Dinamika menuju pasar bebas, tak bisa dibendung tapi bisa berkelit

UMKM SEKARANG BELUM SIAP

Oleh Galih Kurniawan

JOGJA:Gaung pasar bebas agaknya semakin keras beberapa waktu belakangan. Pola yang dianggap sebagai bagian dari integrasi ekonomi antar bangsa ini, oleh beberapa pihak dianggap perlu untuk segera dilakukan. Salah satu alasan yang sering mengemuka adalah “keseimbangan” transaksi, yang harus membuka diri satu sama lain untuk mendapatkan benefit.

Mengutip pernyataan, Ketua API DIY, Jadin C Jamaludin, konsisi UMKM saat ini belumlah siap menghadapi era pasar bebas. Menurutnya kondisi UMKM saat ini hanya sebatas image saja, karena ideologi soal UMKM dari pemerintah tidak jelas mengarah ke mana. “UMKM ini kan terbentuk dari masyarakat kecil, mereka yang tidak terserap ke sektor formal akhirnya beralih ke sektor in formal. Yang harus dilakukan justru adalah penguatan dari bawah, internal UMKM. Globalisasi mungkin tak bisa dibendung tapi kita bisa berkelit, tinggal bagaimana pemerintah,” tegasnya.

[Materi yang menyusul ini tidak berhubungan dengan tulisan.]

(* Let $(E,C)$ be a finite bipartite separated graph and $H\in\mathcal H(E,C)$. Put $$H_1:=\bigcup\{s_1(X(x)):x\in E^1,\ s(x)\in H\}\ \cup\ (H\cap E_1^{0,0}).$$ Then $H_1\in\mathcal H(E_1,C^1)$, and $H\cup H_1\in\mathcal H(F_1,D^1)$ is the hereditary closure of $H$ inside $(F_1,D^1)$.
   Context: A separated graph $(E,C)$: directed graph $E=(E^0,E^1,r,s)$ with $C=\bigsqcup_vC_v$, $C_v$ a partition of $r^{-1}(v)$ into non-empty sets. Finite bipartite: $E$ finite, $E^0=E^{0,0}\sqcup E^{0,1}$, $s(E^1)=E^{0,1}$, $r(E^1)=E^{0,0}$. Write $C_u=\{X^u_1,\dots,X^u_{k_u}\}$ for $u\in E^{0,0}$. $(E_1,C^1)$ has $E_1^{0,0}=E^{0,1}$, $E_1^{0,1}=\{v(x_1,\dots,x_{k_u}):u\in E^{0,0},x_j\in X^u_j\}$, edges $\alpha^{x_i}(x_1,\dots,\widehat{x_i},\dots,x_{k_u})$ ($1\le i\le k_u$) with range $r_1=s(x_i)$ and source $s_1=v(x_1,\dots,x_{k_u})$, and $C^1_v=\{X(x):x\in s^{-1}(v)\}$ where $X(x_i)=\{\alpha^{x_i}(x_1,\dots,\widehat{x_i},\dots,x_{k_u}):x_j\in X^u_j\ (j\ne i)\}$. $(F_1,D^1)$ is the separated graph $(E,C)\cup(E_1,C^1)$ obtained by identifying $E^{0,1}$ with $E_1^{0,0}$. For a separated graph $(F,D)$, $H\subseteq F^0$ is hereditary if $r(e)\in H$ implies $s(e)\in H$, and $D$-saturated if, for $v\in F^0$ and $X\in D_v$, $s(X)\subseteq H$ implies $v\in H$; $\mathcal H(F,D)$ denotes the set of hereditary $D$-saturated subsets. *)

theory Defs
  imports Main
begin

definition separated_graph ::
  "'v set \<Rightarrow> 'e set \<Rightarrow> ('e \<Rightarrow> 'v) \<Rightarrow> ('e \<Rightarrow> 'v) \<Rightarrow> ('v \<Rightarrow> 'e set set) \<Rightarrow> bool" where
  "separated_graph V Ed r s C \<longleftrightarrow>
     (\<forall>e\<in>Ed. r e \<in> V \<and> s e \<in> V) \<and>
     (\<forall>v\<in>V. (\<forall>X\<in>C v. X \<noteq> {}) \<and> \<Union>(C v) = {e\<in>Ed. r e = v} \<and> pairwise disjnt (C v))"

definition finite_bipartite_sep ::
  "'v set \<Rightarrow> 'e set \<Rightarrow> ('e \<Rightarrow> 'v) \<Rightarrow> ('e \<Rightarrow> 'v) \<Rightarrow> ('v \<Rightarrow> 'e set set) \<Rightarrow> 'v set \<Rightarrow> 'v set \<Rightarrow> bool" where
  "finite_bipartite_sep V Ed r s C V0 V1 \<longleftrightarrow>
     separated_graph V Ed r s C \<and> finite V \<and> finite Ed \<and>
     V = V0 \<union> V1 \<and> V0 \<inter> V1 = {} \<and> s ` Ed \<subseteq> V1 \<and> r ` Ed \<subseteq> V0"

definition hereditary :: "'e set \<Rightarrow> ('e \<Rightarrow> 'v) \<Rightarrow> ('e \<Rightarrow> 'v) \<Rightarrow> 'v set \<Rightarrow> bool" where
  "hereditary Ed r s H \<longleftrightarrow> (\<forall>e\<in>Ed. r e \<in> H \<longrightarrow> s e \<in> H)"

definition saturated :: "'v set \<Rightarrow> ('e \<Rightarrow> 'v) \<Rightarrow> ('v \<Rightarrow> 'e set set) \<Rightarrow> 'v set \<Rightarrow> bool" where
  "saturated V s C H \<longleftrightarrow> (\<forall>v\<in>V. \<forall>X\<in>C v. s ` X \<subseteq> H \<longrightarrow> v \<in> H)"

definition HS ::
  "'v set \<Rightarrow> 'e set \<Rightarrow> ('e \<Rightarrow> 'v) \<Rightarrow> ('e \<Rightarrow> 'v) \<Rightarrow> ('v \<Rightarrow> 'e set set) \<Rightarrow> 'v set set" where
  "HS V Ed r s C = {H. H \<subseteq> V \<and> hereditary Ed r s H \<and> saturated V s C H}"

definition hered_closure :: "'v set \<Rightarrow> 'e set \<Rightarrow> ('e \<Rightarrow> 'v) \<Rightarrow> ('e \<Rightarrow> 'v) \<Rightarrow> 'v set \<Rightarrow> 'v set" where
  "hered_closure V Ed r s A = \<Inter>{K. A \<subseteq> K \<and> K \<subseteq> V \<and> hereditary Ed r s K}"

text \<open>A tuple (x_1,...,x_k_u) with x_j in X^u_j is encoded as (u, S) with S = {x_1,...,x_k_u},
  a transversal of the partition C u.  Vertices of F_1: Inl v (old vertices of E) and
  Inr (u,S) (new vertices v(x_1,...,x_k_u)).  Edges of F_1: Inl e (old edges) and
  Inr (x_i, (u,S)) encoding alpha^{x_i}(x_1,..,hat x_i,..,x_k_u).\<close>

definition transversals :: "('v \<Rightarrow> 'e set set) \<Rightarrow> 'v \<Rightarrow> 'e set set" where
  "transversals C u = {S. S \<subseteq> \<Union>(C u) \<and> (\<forall>X\<in>C u. \<exists>!x. x \<in> S \<and> x \<in> X)}"

type_synonym ('v,'e) newv = "'v \<times> 'e set"
type_synonym ('v,'e) F1v = "'v + ('v,'e) newv"
type_synonym ('v,'e) F1e = "'e + ('e \<times> ('v,'e) newv)"

definition E1_new_vertices :: "('v \<Rightarrow> 'e set set) \<Rightarrow> 'v set \<Rightarrow> ('v,'e) F1v set" where
  "E1_new_vertices C V0 = {Inr (u, S) | u S. u \<in> V0 \<and> S \<in> transversals C u}"

definition E1_vertices :: "('v \<Rightarrow> 'e set set) \<Rightarrow> 'v set \<Rightarrow> 'v set \<Rightarrow> ('v,'e) F1v set" where
  "E1_vertices C V0 V1 = Inl ` V1 \<union> E1_new_vertices C V0"

definition E1_edges :: "('v \<Rightarrow> 'e set set) \<Rightarrow> 'v set \<Rightarrow> ('v,'e) F1e set" where
  "E1_edges C V0 = {Inr (x, (u, S)) | x u S. u \<in> V0 \<and> S \<in> transversals C u \<and> x \<in> S}"

text \<open>range and source maps of F_1 (restricting to E_1 edges gives r_1, s_1)\<close>
definition F1_r :: "('e \<Rightarrow> 'v) \<Rightarrow> ('e \<Rightarrow> 'v) \<Rightarrow> ('v,'e) F1e \<Rightarrow> ('v,'e) F1v" where
  "F1_r r s f = (case f of Inl e \<Rightarrow> Inl (r e) | Inr (x, p) \<Rightarrow> Inl (s x))"

definition F1_s :: "('e \<Rightarrow> 'v) \<Rightarrow> ('v,'e) F1e \<Rightarrow> ('v,'e) F1v" where
  "F1_s s f = (case f of Inl e \<Rightarrow> Inl (s e) | Inr (x, p) \<Rightarrow> Inr p)"

definition Xset :: "('e \<Rightarrow> 'v) \<Rightarrow> ('v \<Rightarrow> 'e set set) \<Rightarrow> 'e \<Rightarrow> ('v,'e) F1e set" where
  "Xset r C x = {Inr (x, (r x, S)) | S. S \<in> transversals C (r x) \<and> x \<in> S}"

definition C1 ::
  "'e set \<Rightarrow> ('e \<Rightarrow> 'v) \<Rightarrow> ('e \<Rightarrow> 'v) \<Rightarrow> ('v \<Rightarrow> 'e set set) \<Rightarrow> 'v set \<Rightarrow> ('v,'e) F1v \<Rightarrow> ('v,'e) F1e set set" where
  "C1 Ed r s C V1 w = (case w of
      Inl v \<Rightarrow> (if v \<in> V1 then {Xset r C x | x. x \<in> Ed \<and> s x = v} else {})
    | Inr _ \<Rightarrow> {})"

definition F1_vertices :: "'v set \<Rightarrow> ('v \<Rightarrow> 'e set set) \<Rightarrow> 'v set \<Rightarrow> ('v,'e) F1v set" where
  "F1_vertices V C V0 = Inl ` V \<union> E1_new_vertices C V0"

definition F1_edges :: "'e set \<Rightarrow> ('v \<Rightarrow> 'e set set) \<Rightarrow> 'v set \<Rightarrow> ('v,'e) F1e set" where
  "F1_edges Ed C V0 = Inl ` Ed \<union> E1_edges C V0"

text \<open>D^1 = C on E^{0,0} and C^1 on E^{0,1} = E_1^{0,0}; empty on new vertices.\<close>
definition D1 ::
  "'e set \<Rightarrow> ('e \<Rightarrow> 'v) \<Rightarrow> ('e \<Rightarrow> 'v) \<Rightarrow> ('v \<Rightarrow> 'e set set) \<Rightarrow> 'v set \<Rightarrow> ('v,'e) F1v \<Rightarrow> ('v,'e) F1e set set" where
  "D1 Ed r s C V1 w = (case w of
      Inl v \<Rightarrow> (if v \<in> V1 then C1 Ed r s C V1 w else (\<lambda>X. Inl ` X) ` C v)
    | Inr _ \<Rightarrow> {})"

end

theory Submission
  imports Defs
begin

text \<open>A vertex \<open>v(x\<^sub>1,\<dots>,x\<^sub>k)\<close> of \<open>E\<^sub>1\<close> lies in the hereditary closure of \<open>H\<close> exactly when some
  \<open>s(x\<^sub>i)\<close> lies in \<open>H\<close>, so the closure of \<open>H\<close> in \<open>F\<^sub>1\<close> is \<open>H \<union> H\<^sub>1\<close> and heredity is immediate.
  For saturation, let \<open>s(x) \<notin> H\<close> for an edge \<open>x\<close> with range \<open>u\<close>. Then \<open>u \<notin> H\<close>, so by
  saturation of \<open>H\<close> every \<open>X \<in> C\<^sub>u\<close> contains an edge with source outside \<open>H\<close>; choosing one in each
  member (and \<open>x\<close> in its own) gives a vertex \<open>v(\<dots>,x,\<dots>)\<close> outside \<open>H\<^sub>1\<close>, so \<open>X(x)\<close> is not
  contained in \<open>H\<^sub>1\<close>.\<close>

lemma transversal_through:
  assumes sep: "separated_graph V Ed r s C" and u: "u \<in> V"
    and x: "x \<in> Ed" "r x = u" "P x"
    and witnesses: "\<forall>X\<in>C u. \<exists>y\<in>X. P y"
  shows "\<exists>S\<in>transversals C u. x \<in> S \<and> (\<forall>y\<in>S. P y)"
proof -
  have parts: "\<Union>(C u) = {e\<in>Ed. r e = u}" and disj: "pairwise disjnt (C u)"
    using sep u unfolding separated_graph_def by auto
  define f where "f X = (if x \<in> X then x else SOME y. y \<in> X \<and> P y)" for X
  have f: "f X \<in> X \<and> P (f X)" if X: "X \<in> C u" for X
  proof (cases "x \<in> X")
    case True
    with x(3) show ?thesis by (simp add: f_def)
  next
    case False
    from witnesses X have "\<exists>y. y \<in> X \<and> P y" by blast
    then have "(SOME y. y \<in> X \<and> P y) \<in> X \<and> P (SOME y. y \<in> X \<and> P y)" by (rule someI_ex)
    with False show ?thesis by (simp add: f_def)
  qed
  have "f ` C u \<in> transversals C u"
    unfolding transversals_def
  proof (intro CollectI conjI ballI)
    show "f ` C u \<subseteq> \<Union>(C u)" using f by blast
  next
    fix X assume X: "X \<in> C u"
    show "\<exists>!y. y \<in> f ` C u \<and> y \<in> X"
    proof (rule ex1I[of _ "f X"])
      show "f X \<in> f ` C u \<and> f X \<in> X" using X f by blast
    next
      fix y assume y: "y \<in> f ` C u \<and> y \<in> X"
      then obtain Y where Y: "Y \<in> C u" "y = f Y" by blast
      with f have "y \<in> Y" by blast
      with disj X Y(1) y have "Y = X" unfolding pairwise_def disjnt_def by blast
      with Y show "y = f X" by simp
    qed
  qed
  moreover have "x \<in> f ` C u"
  proof -
    obtain X where X: "X \<in> C u" "x \<in> X" using parts x by blast
    then have "f X = x" by (simp add: f_def)
    with X(1) show ?thesis by blast
  qed
  moreover have "\<forall>y\<in>f ` C u. P y" using f by blast
  ultimately show ?thesis by blast
qed

lemma transversal_mem_edge:
  assumes "separated_graph V Ed r s C" "u \<in> V" "S \<in> transversals C u" "x \<in> S"
  shows "x \<in> Ed \<and> r x = u"
proof -
  have "x \<in> \<Union>(C u)" using assms(3,4) by (auto simp: transversals_def)
  moreover have "\<Union>(C u) = {e\<in>Ed. r e = u}"
    using assms(1,2) by (simp add: separated_graph_def)
  ultimately show ?thesis by blast
qed

definition lift_to_E1 ::
  "'e set \<Rightarrow> ('e \<Rightarrow> 'v) \<Rightarrow> ('e \<Rightarrow> 'v) \<Rightarrow> ('v \<Rightarrow> 'e set set) \<Rightarrow> 'v set \<Rightarrow> 'v set \<Rightarrow> ('v,'e) F1v set"
  where "lift_to_E1 Ed r s C V1 H =
    \<Union>{F1_s s ` Xset r C x | x. x \<in> Ed \<and> s x \<in> H} \<union> Inl ` (H \<inter> V1)"

lemma F1_s_image_Xset:
  "F1_s s ` Xset r C x = {Inr (r x, S) | S. S \<in> transversals C (r x) \<and> x \<in> S}"
  unfolding Xset_def F1_s_def by force

lemma mem_lift_to_E1:
  "w \<in> lift_to_E1 Ed r s C V1 H \<longleftrightarrow> (\<exists>v. w = Inl v \<and> v \<in> H \<and> v \<in> V1) \<or>
     (\<exists>x S. w = Inr (r x, S) \<and> x \<in> Ed \<and> s x \<in> H \<and> S \<in> transversals C (r x) \<and> x \<in> S)"
  unfolding lift_to_E1_def F1_s_image_Xset by blast

lemma Inl_mem_lift_to_E1 [simp]:
  "Inl v \<in> lift_to_E1 Ed r s C V1 H \<longleftrightarrow> v \<in> H \<and> v \<in> V1"
  by (simp add: mem_lift_to_E1)

lemma Inr_mem_lift_to_E1 [simp]:
  "Inr (u, S) \<in> lift_to_E1 Ed r s C V1 H \<longleftrightarrow>
     S \<in> transversals C u \<and> (\<exists>x\<in>S. x \<in> Ed \<and> r x = u \<and> s x \<in> H)"
  by (auto simp: mem_lift_to_E1)

locale bipartite_separated_graph =
  fixes V :: "'v set" and Ed :: "'e set" and r s :: "'e \<Rightarrow> 'v"
    and C :: "'v \<Rightarrow> 'e set set" and V0 V1 :: "'v set"
  assumes separated: "separated_graph V Ed r s C"
    and vertices: "V = V0 \<union> V1"
    and sources: "s ` Ed \<subseteq> V1" and ranges: "r ` Ed \<subseteq> V0"
begin

abbreviation lift :: "'v set \<Rightarrow> ('v,'e) F1v set"
  where "lift H \<equiv> lift_to_E1 Ed r s C V1 H"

Ia mencontohkan bagaimana awalnya dulu China banyak diklaim sebagai penjiplak, namun pemerintahnya benar-benar melakukan penguatan masyarakat bawah. “Ibaratnya kita tertinggal 20 tahun dari negara maju, mindset UMKM harus diubah ke yang sebenarnya. Perbankan juga saya kira terlalu cepat melakukan independensi,”.

Daya saing
Hal yang agak ambigu justru diungkapan Kepala Pusat Studi Asia Pasifik UGM, Sri Adiningsih, karena posisi dukungannya yang belum bisa “ditegaskan”. Ia mengatakan, dari hasil penelitiannya di tahun 2007, ada wilayah yang justru beralih menjadi pedagang dari sebelumnya produsen. “Penelitian tahun 2007 di Surakarta, khususnya untuk produk tekstil, banyak produsen yang berubah haluan menjadi pedagang, jumlahnya sekitar 20%,”. Menurut dia hal itu disebabkan karena daya saing produknya yang rendah, kalah dengan produk impor dari China. “Mereka banyak yang yang memilih impor produk dari China, karena untuk produksi sendiri justru perlu biaya lebih mahal dan berisiko,” timpalnya.

Namun begitu ia juga mengungkapkan, jika memang ke depan masa depan APEC mengarah ke free trade area, prospek bisnis Indonesia kesempatannya makin besar, meski persaingan juga makin ketat. “Dari studi kita di Cilegon tahun 2008, ternyata FDI (Foreign Direct Investment) khususnya bidang kimia dan farmasi secara umum memberikan keuntungan bagi ekonomi. Yakni dalam hal nilai tambah dan penyediaan lapangan kerja,”. Ia juga memaparkan, hasil studinya yang terakhir di Cilacap memperlihatkan, ekonomi APEC merupakan tujuan penting dari TKI dan TKW. Nah lho...jadi liberalisasi didukung atau ditolak bu?????